The Importance of Reading Aloud to Young Learners

How many books have you read to your son this week? Reading aloud to young learners is, according to the landmark 1985 report Becoming a Nation of Readers, ‘the single most important activity for building the knowledge required for eventual success in reading.’

Reading aloud presents books as sources of pleasant, valuable and exciting experiences. Children who value books are motivated to read on their own. Reading aloud gives children background knowledge, which helps them make sense of what they see, hear and read. The more adults read aloud to children, the larger their vocabularies will grow and the more they will know about the world and their place in it. Reading aloud lets parents and teachers be role models for reading. Curling up in a comfortable place in your home with your son and reading a story to him each evening, is possibly the best gift you can give him at the end of each and every day.

“A person who won’t read has no advantage over one who can’t read.”

Mark Twain

Developing Your Son’s Social Skills

Building and establishing respectful relationships with a range of people is crucial for your son’s development. To develop healthy relationships, children learn the following important skills:

·       Communication – using the right words for each situation, smiling, using eye contact and listening carefully

·       Entry skills when playing – knowing how to initiate a conversation and join a group

·       Skills for sharing – taking turns, following rules, cooperating, managing conflict, helping others

·       Skills for being a good friend – thinking about how others might feel, being kind, helpful, gentle and humble

 How do children learn social skills?

As a parent you have the most influence on how your son’s social skills develop. Your son also learns how to socialise with others from your extended family members. When a young learner is developing their social skills, they can find it challenging to take turns, negotiate difficult situations, and resolve conflict. Developing social skills is like any other skill. Children need to know what these skills look like and they need to practise them with your role modelling. 
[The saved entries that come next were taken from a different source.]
(* Let $\mathbb C_4$ be the complex Clifford algebra generated by $e_1,\dots,e_4$ with $e_je_l+e_le_j=-2\delta_{jl}$, $e_{ij}=e_ie_j$. Let $S^+_4$ be the span of $v^+=\frac14(1-ie_{12})(1-ie_{34})$ and $v^-=\frac14(e_1+ie_2)(e_3+ie_4)$, and let $S^-_4$ be the span of $v^+=\frac14(1-ie_{12})(e_3+ie_4)$ and $v^-=\frac14(e_1+ie_2)(1-ie_{34})$; each is a realization of the basic spinor representation $S$ of $Spin(3)$ under left Clifford multiplication by $e_1,e_2,e_3$. Write $(a,b)$ for $a v^++b v^-$. For $k\in\mathbb N_0$ let $\mathcal M_k(\mathbb R^3,S^\pm_4)$ be the space of $S^\pm_4$-valued $k$-homogeneous polynomials $P$ on $\mathbb R^3$ with $(e_1\partial_{x_1}+e_2\partial_{x_2}+e_3\partial_{x_3})P=0$, and define its basis $F^{k,\pm}_0=\frac{1}{k!2^k}\overline z^k v^+$, $F^{k,\pm}_j=(\tilde X^-)^jF^{k,\pm}_0$ ($0<j\le 2k+1$), where $z=x_1+ix_2$, $\overline z=x_1-ix_2$, $\tilde X^-=2x_3\frac{\partial}{\partial\overline z}-z\frac{\partial}{\partial x_3}+\frac12(-e_{31}+ie_{23})$ with $\frac{\partial}{\partial \overline z}=\frac12(\partial_{x_1}+i\partial_{x_2})$ and the Clifford element acting by left multiplication. Using spherical coordinates $x_1=r\sin\theta\sin\varphi$, $x_2=r\sin\theta\cos\varphi$, $x_3=r\cos\theta$ ($r\ge0$, $-\pi\le\varphi\le\pi$, $0\le\theta\le\pi$), we have for each $j=0,\dots,2k+1$ $$F^{k,\pm}_j(r,\theta,\varphi)=i^{k-j}r^ke^{i(k-j)\varphi}\Big(P^{j-k}_k(\cos\theta),\ \pm\, ij\,e^{i\varphi}P^{j-k-1}_k(\cos\theta)\Big),$$ where $P^l_k(s)=\frac{1}{k!\,2^k}(1-s^2)^{l/2}\frac{d^{l+k}}{ds^{l+k}}(s^2-1)^k$ for $s\in\mathbb R$, and by convention $P^{k+1}_k=0=P^{-k-1}_k$.
   Context: $P^0_k$ is the $k$-th Legendre polynomial and $P^l_k$ are its associated Legendre functions. *)

theory Defs
  imports "HOL-Analysis.Analysis"
begin

text \<open>The complex Clifford algebra C_4, modelled concretely: an element is the coefficient
  function on blades e_A (A a subset of {1..4}); e_A = e_a1 ... e_am with a1 < ... < am.\<close>

type_synonym cl = "nat set \<Rightarrow> complex"

definition blade_sign :: "nat set \<Rightarrow> nat set \<Rightarrow> complex" where
  "blade_sign A B = (-1) ^ (card {(a, b). a \<in> A \<and> b \<in> B \<and> b < a} + card (A \<inter> B))"

definition cl_mult :: "cl \<Rightarrow> cl \<Rightarrow> cl" (infixl "\<odot>" 70) where
  "cl_mult x y = (\<lambda>C. \<Sum>A\<in>Pow {1..4}. \<Sum>B\<in>Pow {1..4}.
      if (A - B) \<union> (B - A) = C then blade_sign A B * x A * y B else 0)"

definition cl_add :: "cl \<Rightarrow> cl \<Rightarrow> cl" where
  "cl_add x y = (\<lambda>A. x A + y A)"

definition cl_scale :: "complex \<Rightarrow> cl \<Rightarrow> cl" where
  "cl_scale c x = (\<lambda>A. c * x A)"

definition cl_one :: cl where
  "cl_one = (\<lambda>A. if A = {} then 1 else 0)"

definition cl_gen :: "nat \<Rightarrow> cl" where
  "cl_gen j = (\<lambda>A. if A = {j} then 1 else 0)"

text \<open>Spinor basis vectors. \<open>pm = True\<close>: S^+_4, \<open>pm = False\<close>: S^-_4.\<close>

definition fac_a :: "nat \<Rightarrow> nat \<Rightarrow> cl" where
  "fac_a a b = cl_add cl_one (cl_scale (- \<i>) (cl_gen a \<odot> cl_gen b))"

definition fac_b :: "nat \<Rightarrow> nat \<Rightarrow> cl" where
  "fac_b a b = cl_add (cl_gen a) (cl_scale \<i> (cl_gen b))"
Tips for helping your son to develop his social skills:

  • Show him what good social skills look like – model, listen when people talk to you, give eye contact when you are communicating with others, be respectful to others and do kind things for your own family and friends. Your son will model by your example.
  • Encourage him to be aware of the feelings of others. For example,” Lucas has been waiting for a while to have a go. I wonder how you might feel if you had to wait that long? What would be a kind thing to do?”
  • Encourage him to respond with ‘Yes, sure’, or ‘ok’ when you are requesting him to do something. Don’t tolerate “no”. Remind him that respectful family members are polite and courteous when asked to cooperate.
  • Give him lots of opportunities for imaginary play, dress-ups, playing shop, acting out stories and rhymes, playing with other children, constructing things with bricks, cutting paper, playing with dough, and helping around the house with simple chores. This is a fun way to teach him how to be both responsible and cooperative.

Lunch Boxes

There appears to be a number of boys that are being provided with ample amounts of food throughout the day. Some boys are having a lunch order and a fully packed lunch box. We have observed that the boys are simply not hungry enough to eat the amount of food that is being packed for them. Whilst we understand the uncertainty around how hungry your son may be during the day, there is a lot of food that is being wasted. Could we encourage you to monitor his consumption over the next few weeks? We will not throw food away if it’s not eaten. It will be left in his lunch box for you to view when he comes home at the end of the day. We do ensure that all boys are eating and drinking an adequate amount each day.

Reminders / Requests:

  • Please remember to read the Prep News each week. In addition to my newsletter, every third week there will be an individualised PK newsletter that is written by the classroom teachers. This newsletter will give you a detailed insight into the learning that is occurring in the PK environment.
  • Thank you for your wonderful feedback on the way in which your sons have settled into PK life at Trinity Prep. It’s been a very successful start for all of your boys.
  • Please ensure that all of your son’s items are clearly labelled.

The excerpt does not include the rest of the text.